There are a lot of weird and exotic terms in modern board gaming, too many for me to list here. This is a short and sweet list for words and terms you will come across here, and in other gaming sites.

If you want a full and detailed glossary I suggest you check out this Glossary on BoardGameGeek (BGG). Their glossary is so large it has to be subdivided into different categories for gaming terms, publishers names, and common abbreviations used for individual games.

Short and sweet board game glossary

Ameritrash – Games with a high degree of luck and conflict between players. Examples are Axis & Allies, and Risk.

Analysis Paralysis  – Abbreviated to AP. Analysis Paralysis is the uncomfortable delay in a game when a player takes a long time to take their turn. The player is often over-analyzing their options and choices, which can cause frustration for the other players of the game.

BGG – The acronym for the website BoardGameGeek.com. BoardGameGeek is a repository of information on all aspects of board and card games. For my article about BGG see here

B&M – Bricks and mortar. A business that has a physical shop location such as a Friendly Local Game Store (FLGS). Compare this with an online business that only sells games indirectly via the internet.

Classic game – Used to describe mass market mainstream board games. Examples are Monopoly and Clue.

Collectible Card Game – Often abbreviated to CCG, Collectible Card Games are a very popular card game format where the players selects the cards they want in their deck. This preconstructed deck is then used to battle an opponent. Popular CCGs have many hundreds of cards to chose from, thus allowing for many different startegies. A very popular CCG is Magic: The Gathering, a game system that has been going for over 30 years.

Collection – The games owned by a gamer. e.g. I have 150 games in my collection.

Cooperative game – where the players openly co-operate with each other to beat the game. This type of game is a good introduction to gaming for those who are uncomfortable with direct conflict between players. An example is Pandemic.

Deck Builder – A game mechanic where each player stars with a fixed set of cards. The players add cards to their own card deck. The players can each form their own strategies based on the cards they add to their deck, and how they play the card in their hand. This produces a lot of variety in game play. The first popular deck building game was Dominion.

Euro – Also known as Eurogame, German game or Designer game. With engaging gameplay and attractive components; euro games are the most common type of modern board games. The board gaming world was revolutionized and revitalized board in the 1990’s with the release of first successful euro game Settlers of Catan. Settlers of Catan is now known simply as Catan.

Family game – A game that is well suited to be played by a family. The game us suited for a group of gamers of varying levels of game experience, or a range of ages. These games tend to have little or no conflict between players. Simple, yet fun mechanics make these excellent games for beginners while still being suitable for experienced gamers. An example are the games in the Ticket to Ride series.

FLGS – Friendly Local Game Store. A Business that sells games and gaming accessories to people via an actual store. They may also sell other hobby or entertainment items, such as comics, music or collectible toys.
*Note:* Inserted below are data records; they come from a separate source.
definition bdiag :: "nat \<Rightarrow> (nat \<Rightarrow> real mat) \<Rightarrow> real mat" where
  "bdiag N Y = mat (3*N) (3*N)
     (\<lambda>(r,c). if r div 3 = c div 3 then Y (r div 3 + 1) $$ (r mod 3, c mod 3) else 0)"

definition alpha :: complex where
  "alpha = cis (- 2 * pi / 3)"

definition Ztilde :: "complex mat \<Rightarrow> complex mat" where
  "Ztilde Z = mat_diag 3 (\<lambda>i. cnj (alpha ^ i)) * Z * mat_diag 3 (\<lambda>i. alpha ^ i)"

definition Xtilde :: "complex mat \<Rightarrow> real mat" where
  "Xtilde Z = mat 3 3 (\<lambda>(i,j). if i = j then Im (Z $$ (i,i)) else - Im (Z $$ (i,j)) / 2)"

definition lambda_min :: "real mat \<Rightarrow> real" where
  "lambda_min A = Min {k. eigenvalue A k}"

definition lambda_max :: "real mat \<Rightarrow> real" where
  "lambda_max A = Max {k. eigenvalue A k}"

end

theory Submission
  imports Defs
begin

text \<open>
  For symmetric \<open>Z\<^sub>n\<close>, the symmetric part of \<open>Im (Ztilde Z\<^sub>n)\<close> is \<open>Xtilde Z\<^sub>n\<close>: off the
  diagonal the phase factors \<open>cnj (\<alpha>\<^sup>i) \<alpha>\<^sup>j\<close> are conjugate cube roots of unity with real part
  \<open>-1/2\<close>. This relation survives the congruence with \<open>M\<close>, so \<open>X\<close> has the quadratic form of
  \<open>X\<^sub>x\<close>, whence \<open>q\<^sup>T X q \<ge> \<lambda>\<^sub>m\<^sub>i\<^sub>n(X\<^sub>x) |q|\<^sup>2\<close>, while \<open>|X q|\<^sup>2 \<le> \<lambda>\<^sub>m\<^sub>a\<^sub>x(X\<^sup>T X) |q|\<^sup>2\<close>. Hence \<open>X\<close> is
  invertible, \<open>q\<^sup>* = - X\<^sup>-\<^sup>1 R p\<close> has zero residual and is the unique minimiser, and the error
  \<open>e = q - q\<^sup>*\<close> follows \<open>e \<mapsto> e - \<mu> X e\<close>, which multiplies \<open>|e|\<^sup>2\<close> by at most
  \<open>1 - 2\<mu>\<lambda>\<^sub>m\<^sub>i\<^sub>n + \<mu>\<^sup>2\<lambda>\<^sub>m\<^sub>a\<^sub>x < 1\<close>.

  The Rayleigh bounds need no spectral theorem. If \<open>c\<close> is the infimum of the Rayleigh
  quotients of a symmetric \<open>A\<close>, then \<open>B = A - c I\<close> is positive semidefinite, yet \<open>x\<^sup>T B x\<close> is
  not bounded below by any positive multiple of \<open>|x|\<^sup>2\<close>. Cauchy-Schwarz for the semidefinite
  form gives \<open>|B x|\<^sup>2 \<le> K x\<^sup>T B x\<close>, so \<open>B\<close> cannot satisfy \<open>|x|\<^sup>2 \<le> L |B x|\<^sup>2\<close> as an invertible
  matrix would: \<open>B\<close> is singular and \<open>c\<close> is an eigenvalue.
\<close>

section \<open>Quadratic forms of real matrices\<close>

lemma scalar_prod_self_nonneg: "0 \<le> (v :: real vec) \<bullet> v"
  using conjugate_square_ge_0_vec[of v] by simp

lemma scalar_prod_self_pos: "(v :: real vec) \<in> carrier_vec n \<Longrightarrow> v \<noteq> 0\<^sub>v n \<Longrightarrow> 0 < v \<bullet> v"
  using conjugate_square_greater_0_vec[of v n] by simp

lemma vec_index_sq_le_scalar_prod_self:
  fixes v :: "real vec"
  assumes "v \<in> carrier_vec n" and "i < n"
  shows "(v $ i)\<^sup>2 \<le> v \<bullet> v"
proof -
  have "(v $ i)\<^sup>2 \<le> (\<Sum>k\<in>{0..<n}. (v $ k)\<^sup>2)"
    using assms(2) by (intro member_le_sum) auto
  also have "\<dots> = v \<bullet> v"
    using assms(1) by (simp add: scalar_prod_def power2_eq_square)
  finally show ?thesis .
qed

lemma sqnorm_minus_smult:
  fixes x y :: "real vec"
  assumes "x \<in> carrier_vec n" and "y \<in> carrier_vec n"
  shows "(x - c \<cdot>\<^sub>v y) \<bullet> (x - c \<cdot>\<^sub>v y) = x \<bullet> x - 2 * c * (x \<bullet> y) + c\<^sup>2 * (y \<bullet> y)"
  using assms by (simp add: minus_scalar_prod_distrib[of _ n] scalar_prod_minus_distrib[of _ n]
      comm_scalar_prod[of y n x] power2_eq_square algebra_simps)

lemma smult_mat_mult_mat_vec:
  "A \<in> carrier_mat nr nc \<Longrightarrow> v \<in> carrier_vec nc \<Longrightarrow> (k \<cdot>\<^sub>m A) *\<^sub>v v = k \<cdot>\<^sub>v (A *\<^sub>v v)"
  for A :: "'a :: comm_ring mat"
  by (intro eq_vecI) (auto simp: scalar_prod_def sum_distrib_left ac_simps)

lemma transpose_smult_mat: "transpose_mat (k \<cdot>\<^sub>m A) = k \<cdot>\<^sub>m transpose_mat A"
  by (intro eq_matI) auto

lemma quadratic_form_expand:
  fixes A :: "'a :: comm_semiring_0 mat"
  assumes A: "A \<in> carrier_mat n n" and x: "x \<in> carrier_vec n" and y: "y \<in> carrier_vec n"
  shows "x \<bullet> (A *\<^sub>v y) = (\<Sum>i<n. \<Sum>j<n. A $$ (i,j) * x $ i * y $ j)"
  using assms by (auto simp: scalar_prod_def lessThan_atLeast0 sum_distrib_left ac_simps
      intro!: sum.cong)

lemma quadratic_form_bounded:
  fixes A :: "real mat"
  assumes A: "A \<in> carrier_mat n n"
  obtains K where "0 \<le> K" and "\<And>x. x \<in> carrier_vec n \<Longrightarrow> \<bar>x \<bullet> (A *\<^sub>v x)\<bar> \<le> K * (x \<bullet> x)"
proof
  define K where "K = (\<Sum>i<n. \<Sum>j<n. \<bar>A $$ (i,j)\<bar>)"
  show "0 \<le> K" unfolding K_def by (intro sum_nonneg) auto
  fix x :: "real vec" assume x: "x \<in> carrier_vec n"
  have entry: "\<bar>x $ i * x $ j\<bar> \<le> x \<bullet> x" if "i < n" "j < n" for i j
  proof -
    have "\<bar>x $ i * x $ j\<bar> \<le> ((x $ i)\<^sup>2 + (x $ j)\<^sup>2) / 2"
      using sum_squares_bound[of "\<bar>x $ i\<bar>" "\<bar>x $ j\<bar>"] by (simp add: abs_mult)
    also have "\<dots> \<le> x \<bullet> x"
      using vec_index_sq_le_scalar_prod_self[OF x that(1)] vec_index_sq_le_scalar_prod_self[OF x that(2)]
      by (simp add: field_simps)
    finally show ?thesis .
  qed
  have "\<bar>x \<bullet> (A *\<^sub>v x)\<bar> \<le> (\<Sum>i<n. \<Sum>j<n. \<bar>A $$ (i,j) * x $ i * x $ j\<bar>)"
    unfolding quadratic_form_expand[OF A x x]
    by (rule order_trans[OF sum_abs]) (intro sum_mono sum_abs)
  also have "\<dots> \<le> (\<Sum>i<n. \<Sum>j<n. \<bar>A $$ (i,j)\<bar> * (x \<bullet> x))"
    by (intro sum_mono) (auto simp: abs_mult mult.assoc intro!: mult_left_mono entry[unfolded abs_mult])
  finally show "\<bar>x \<bullet> (A *\<^sub>v x)\<bar> \<le> K * (x \<bullet> x)"
    unfolding K_def by (simp add: sum_distrib_right)
qed

lemma symmetric_mat_scalar_prod_swap:
  fixes A :: "'a :: comm_semiring_0 mat"
  assumes A: "A \<in> carrier_mat n n" and sym: "transpose_mat A = A"
    and x: "x \<in> carrier_vec n" and y: "y \<in> carrier_vec n"
  shows "x \<bullet> (A *\<^sub>v y) = y \<bullet> (A *\<^sub>v x)"
  using transpose_vec_mult_scalar[OF A y x] comm_scalar_prod[of "A *\<^sub>v x" n y] A x y
  by (simp add: sym)

lemma symmetric_quadratic_form_add_smult:
  fixes A :: "real mat"
  assumes A: "A \<in> carrier_mat n n" and sym: "transpose_mat A = A"
    and x: "x \<in> carrier_vec n" and y: "y \<in> carrier_vec n"
  shows "(x + t \<cdot>\<^sub>v y) \<bullet> (A *\<^sub>v (x + t \<cdot>\<^sub>v y))
       = x \<bullet> (A *\<^sub>v x) + 2 * t * (y \<bullet> (A *\<^sub>v x)) + t\<^sup>2 * (y \<bullet> (A *\<^sub>v y))"
  using A x y symmetric_mat_scalar_prod_swap[OF A sym x y]
  by (simp add: mult_add_distrib_mat_vec[OF A] mult_mat_vec[OF A] add_scalar_prod_distrib[of _ n]
      scalar_prod_add_distrib[of _ n] power2_eq_square algebra_simps)

section \<open>Rayleigh bounds for the extreme eigenvalues\<close>

lemma nonneg_quadratic_discriminant:
  fixes a b c :: real
  assumes nonneg: "\<And>t. 0 \<le> c + 2 * t * b + t\<^sup>2 * a" and "0 \<le> a"
  shows "b\<^sup>2 \<le> a * c"
proof (cases "a = 0")
  case True
  have "b = 0"
  proof (rule ccontr)
    assume "b \<noteq> 0"
    then show False
      using nonneg[of "- (c + 1) / (2 * b)"] True by (simp add: field_simps)
  qed
  then show ?thesis using True nonneg[of 0] by simp
next
  case False
  with \<open>0 \<le> a\<close> have "0 < a" by simp
  have "0 \<le> c + 2 * (- b / a) * b + (- b / a)\<^sup>2 * a" by (rule nonneg)
  also have "\<dots> = (a * c - b\<^sup>2) / a" using \<open>0 < a\<close> by (simp add: field_simps power2_eq_square)
  finally show ?thesis using \<open>0 < a\<close> by (simp add: zero_le_divide_iff)
qed

lemma psd_cauchy_schwarz:
  fixes A :: "real mat"
  assumes A: "A \<in> carrier_mat n n" and sym: "transpose_mat A = A"
    and psd: "\<And>z. z \<in> carrier_vec n \<Longrightarrow> 0 \<le> z \<bullet> (A *\<^sub>v z)"
    and x: "x \<in> carrier_vec n" and y: "y \<in> carrier_vec n"
  shows "(y \<bullet> (A *\<^sub>v x))\<^sup>2 \<le> (y \<bullet> (A *\<^sub>v y)) * (x \<bullet> (A *\<^sub>v x))"
proof (rule nonneg_quadratic_discriminant)
  fix t
  show "0 \<le> x \<bullet> (A *\<^sub>v x) + 2 * t * (y \<bullet> (A *\<^sub>v x)) + t\<^sup>2 * (y \<bullet> (A *\<^sub>v y))"
    using psd[of "x + t \<cdot>\<^sub>v y"] symmetric_quadratic_form_add_smult[OF A sym x y] x y by simp
qed (rule psd[OF y])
Mechanic/Mechanism – Terminology used to describe how the game functions. It could a dice game, involve auctions, have worker placement, or include cards. Games may use more than one mechanic. For example: Catan is a game that includes resource trading, a modular map, and card management among the game mechanics.

Party game – An easy to learn, quick to play game that focuses on the social style of gaming. This can include games with trivia, dexterity, or mature content.

Tabletop game – This is a wide ranging term used to cover the games played on a table. This includes: board games, card games, dice games, miniature games, and Role Playing Games.

Theme – The theme is the subject of a game. The theme is used to place the game in a context that is easily comprehended by the players. For example: the theme of the game Agricola is farming in 17th century Europe. That may not sound exciting, but it is actually an award winning, well respected, fun and challenging game.

Wargame – Games that simulate historical warfare or battles. Miniature figures or cardboard counters are used to represent military units that are maneuvered around a map. Direct conflict between players is the norm. Wargames have benefited from the increase in production quality, and include game mechanic innovations that were first incorporated into euro games.

Worker Placement  – A popular game mechanic in Euro games. Each player has a limited number of pieces that represent their workers. These workers pieces are placed, often with each player taking turns to each place one worker, on the game board. The position on the game board gives a specific benefit to its player. With the number of productive spaces often being limited, each player must carefully choose the order in which their worker pieces are placed. An example of a work placement game is Stone Age.